- Born: 21 September 1985 (age 40) Milan, Italy
- Years active: 2005–2011
- Children: 2
- Website: lyrian.net

= Lyrian =

Japanese moe idol and singer (born 1985)

Lyrian (りりあん; born 21 September 1985) is a former Japanese moe idol and singer born in Milan, Italy. She hosts a radio show in Japan called Lyrian Moetchao in which she plays Marissa Faireborn in its Transformers: Kiss Players segment.

Lyrian also named and designed the color schemes for the Transformers toys Rosanna and Angela. She voices these characters in the radio series as well. She claims to have become a Transformer fan by watching the G1 cartoon as a child growing up in Italy.
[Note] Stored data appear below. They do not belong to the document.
text \<open>
  Project onto a direction \<open>z\<close> with \<open>s = z \<bullet> (A *v z) > 0\<close>: the real variables
  \<open>a t * (z \<bullet> X t) - z \<bullet> \<xi> t\<close> converge to \<open>N(0, s)\<close>. The characteristic function \<open>\<phi>\<^sub>t\<close> of
  \<open>z \<bullet> X t\<close> is multiplicative in time, \<open>\<phi>\<^sub>s\<^sub>+\<^sub>t = \<phi>\<^sub>s \<phi>\<^sub>t\<close>, and
  \<open>\<bar>\<phi>\<^sub>t (a t * u)\<bar> \<rightarrow> exp (- s u\<^sup>2 / 2)\<close>.
  As \<open>t \<rightarrow> 0\<close>, stochastic continuity makes \<open>\<phi>\<^sub>t \<rightarrow> 1\<close> uniformly on bounded frequencies, so
  \<open>a t\<close> cannot stay bounded. As \<open>t \<rightarrow> \<infinity>\<close>, \<open>\<bar>\<phi>\<^sub>1 (a t * u)\<bar>\<^bsup>\<lfloor>t\<rfloor>\<^esup> \<ge> \<bar>\<phi>\<^sub>t (a t * u)\<bar>\<close> forces
  \<open>\<bar>\<phi>\<^sub>1 (a t * u)\<bar> \<rightarrow> 1\<close>; after symmetrization, \<open>a t\<close> times a nondegenerate increment tends
  to \<open>0\<close> in law, hence \<open>a t \<rightarrow> 0\<close>.
  For the ratios, write the later time as \<open>\<tau> + \<delta>\<close> where \<open>\<tau>\<close> contains \<open>\<lfloor>t\<rfloor>\<close> copies of \<open>\<delta>\<close>.
  Then \<open>\<bar>\<phi>\<^sub>\<delta>\<bar> \<rightarrow> 1\<close> at the relevant frequencies, so the laws at \<open>\<tau>\<close> and \<open>\<tau> + \<delta>\<close>, rescaled by
  \<open>a (\<tau> + \<delta>) / a \<tau>\<close> and by its inverse, have the same Gaussian limit, and convergence of
  types gives \<open>a (\<tau> + \<delta>) / a \<tau> \<rightarrow> 1\<close>.
\<close>

lemma norm_iexp_diff_le: "cmod (iexp x - iexp y) \<le> \<bar>x - y\<bar>"
proof -
  have "iexp x - iexp y = iexp y * (iexp (x - y) - 1)"
    by (simp add: algebra_simps flip: exp_add)
  then have "cmod (iexp x - iexp y) = cmod (iexp (x - y) - 1)"
    by (simp add: norm_mult)
  also have "\<dots> \<le> \<bar>x - y\<bar>"
    using iexp_approx1[of "x - y" 0] by simp
  finally show ?thesis .
qed

lemma norm_iexp_diff_le_2: "cmod (iexp x - iexp y) \<le> 2"
  using norm_triangle_ineq4[of "iexp x" "iexp y"] by (simp del: of_real_mult)

text \<open>Via Skorohod's representation, the difference of characteristic functions becomes an
  expectation controlled by dominated convergence, uniformly for bounded arguments.\<close>
lemma char_conv_uniform_on_bounded_sequentially:
  fixes \<mu> :: "nat \<Rightarrow> real measure" and L :: "real measure" and r :: "nat \<Rightarrow> real"
  assumes \<mu>: "\<And>n. real_distribution (\<mu> n)" and L: "real_distribution L"
    and conv: "\<And>u. (\<lambda>n. char (\<mu> n) u) \<longlonglongrightarrow> char L u"
    and r_bounded: "\<And>n. \<bar>r n\<bar> \<le> R"
  shows "(\<lambda>n. char (\<mu> n) (r n) - char L (r n)) \<longlonglongrightarrow> 0"
proof -
  have weak_conv: "weak_conv_m \<mu> L" by (rule levy_continuity[OF \<mu> L conv])
  obtain \<Omega> :: "real measure" and Y :: "nat \<Rightarrow> real \<Rightarrow> real" and Y\<^sub>L where
    "prob_space \<Omega>" and Y_meas[measurable]: "\<And>n. Y n \<in> measurable \<Omega> borel"
    and distr_Y: "\<And>n. distr \<Omega> borel (Y n) = \<mu> n" and "Y\<^sub>L \<in> measurable \<Omega> lborel"
    and distr_Y\<^sub>L: "distr \<Omega> borel Y\<^sub>L = L"
    and Y_lim: "\<And>x. x \<in> space \<Omega> \<Longrightarrow> (\<lambda>n. Y n x) \<longlonglongrightarrow> Y\<^sub>L x"
    using Skorohod[OF \<mu> L weak_conv] by blast
  interpret prob_space \<Omega> by fact
  have [measurable]: "Y\<^sub>L \<in> borel_measurable \<Omega>" using \<open>Y\<^sub>L \<in> measurable \<Omega> lborel\<close> by simp
  have char_diff: "char (\<mu> n) (r n) - char L (r n)
      = (CLINT x|\<Omega>. iexp (r n * Y n x) - iexp (r n * Y\<^sub>L x))" for n
  proof -
    have "char (\<mu> n) (r n) = (CLINT x|\<Omega>. iexp (r n * Y n x))"
      unfolding char_def distr_Y[symmetric, of n] by (simp add: integral_distr)
    moreover have "char L (r n) = (CLINT x|\<Omega>. iexp (r n * Y\<^sub>L x))"
      unfolding char_def distr_Y\<^sub>L[symmetric] by (simp add: integral_distr)
    moreover have "integrable \<Omega> (\<lambda>x. iexp (r n * Y n x))" "integrable \<Omega> (\<lambda>x. iexp (r n * Y\<^sub>L x))"
      by (auto intro!: integrable_iexp)
    ultimately show ?thesis by simp
  qed
  have "(\<lambda>n. CLINT x|\<Omega>. iexp (r n * Y n x) - iexp (r n * Y\<^sub>L x)) \<longlonglongrightarrow> (CLINT x|\<Omega>. 0)"
  proof (rule integral_dominated_convergence[where w="\<lambda>_. 2"])
    show "AE x in \<Omega>. (\<lambda>n. iexp (r n * Y n x) - iexp (r n * Y\<^sub>L x)) \<longlonglongrightarrow> 0"
    proof (rule AE_I2)
      fix x assume x: "x \<in> space \<Omega>"
      have "(\<lambda>n. R * \<bar>Y n x - Y\<^sub>L x\<bar>) \<longlonglongrightarrow> R * \<bar>Y\<^sub>L x - Y\<^sub>L x\<bar>"
        by (intro tendsto_intros Y_lim x)
      then have lim_R: "(\<lambda>n. R * \<bar>Y n x - Y\<^sub>L x\<bar>) \<longlonglongrightarrow> 0" by simp
      have bound: "cmod (iexp (r n * Y n x) - iexp (r n * Y\<^sub>L x)) \<le> R * \<bar>Y n x - Y\<^sub>L x\<bar>" for n
      proof -
        have "cmod (iexp (r n * Y n x) - iexp (r n * Y\<^sub>L x)) \<le> \<bar>r n * Y n x - r n * Y\<^sub>L x\<bar>"
          by (rule norm_iexp_diff_le)
        also have "\<dots> = \<bar>r n\<bar> * \<bar>Y n x - Y\<^sub>L x\<bar>"
          by (simp add: abs_mult flip: right_diff_distrib)
        also have "\<dots> \<le> R * \<bar>Y n x - Y\<^sub>L x\<bar>" by (rule mult_right_mono[OF r_bounded]) simp
        finally show ?thesis .
      qed
      show "(\<lambda>n. iexp (r n * Y n x) - iexp (r n * Y\<^sub>L x)) \<longlonglongrightarrow> 0"
        by (rule tendsto_0_le[OF lim_R, where K=1]) (use bound in \<open>auto simp del: of_real_mult intro!: always_eventually intro: order_trans[OF _ abs_ge_self]\<close>)
    qed
    show "AE x in \<Omega>. cmod (iexp (r n * Y n x) - iexp (r n * Y\<^sub>L x)) \<le> 2" for n
      by (intro AE_I2 norm_iexp_diff_le_2)
  qed auto
  then show ?thesis by (simp add: char_diff)
qed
In 2007, she released her first gravure idol DVD, titled Lyrian Chao Chao (also known as Lyrian Ciao Ciao). In the same year, she released a photo-book titled Love. In 200,9 she provided the voice of the new character Stephanie in the TVTokyo series Yu-Gi-Oh! 5D's. In 2010, she began voicing the character of Shitt. P in the Reborn! VOMIC series.

On 1 May 2011, she announced her retirement from entertainment industry. On 21 September 2014, she announced her marriage through her blog. On September 1, 2015, she gave birth to her first child, a baby girl. On 5 August 2017, she gave birth to her second child, a baby boy.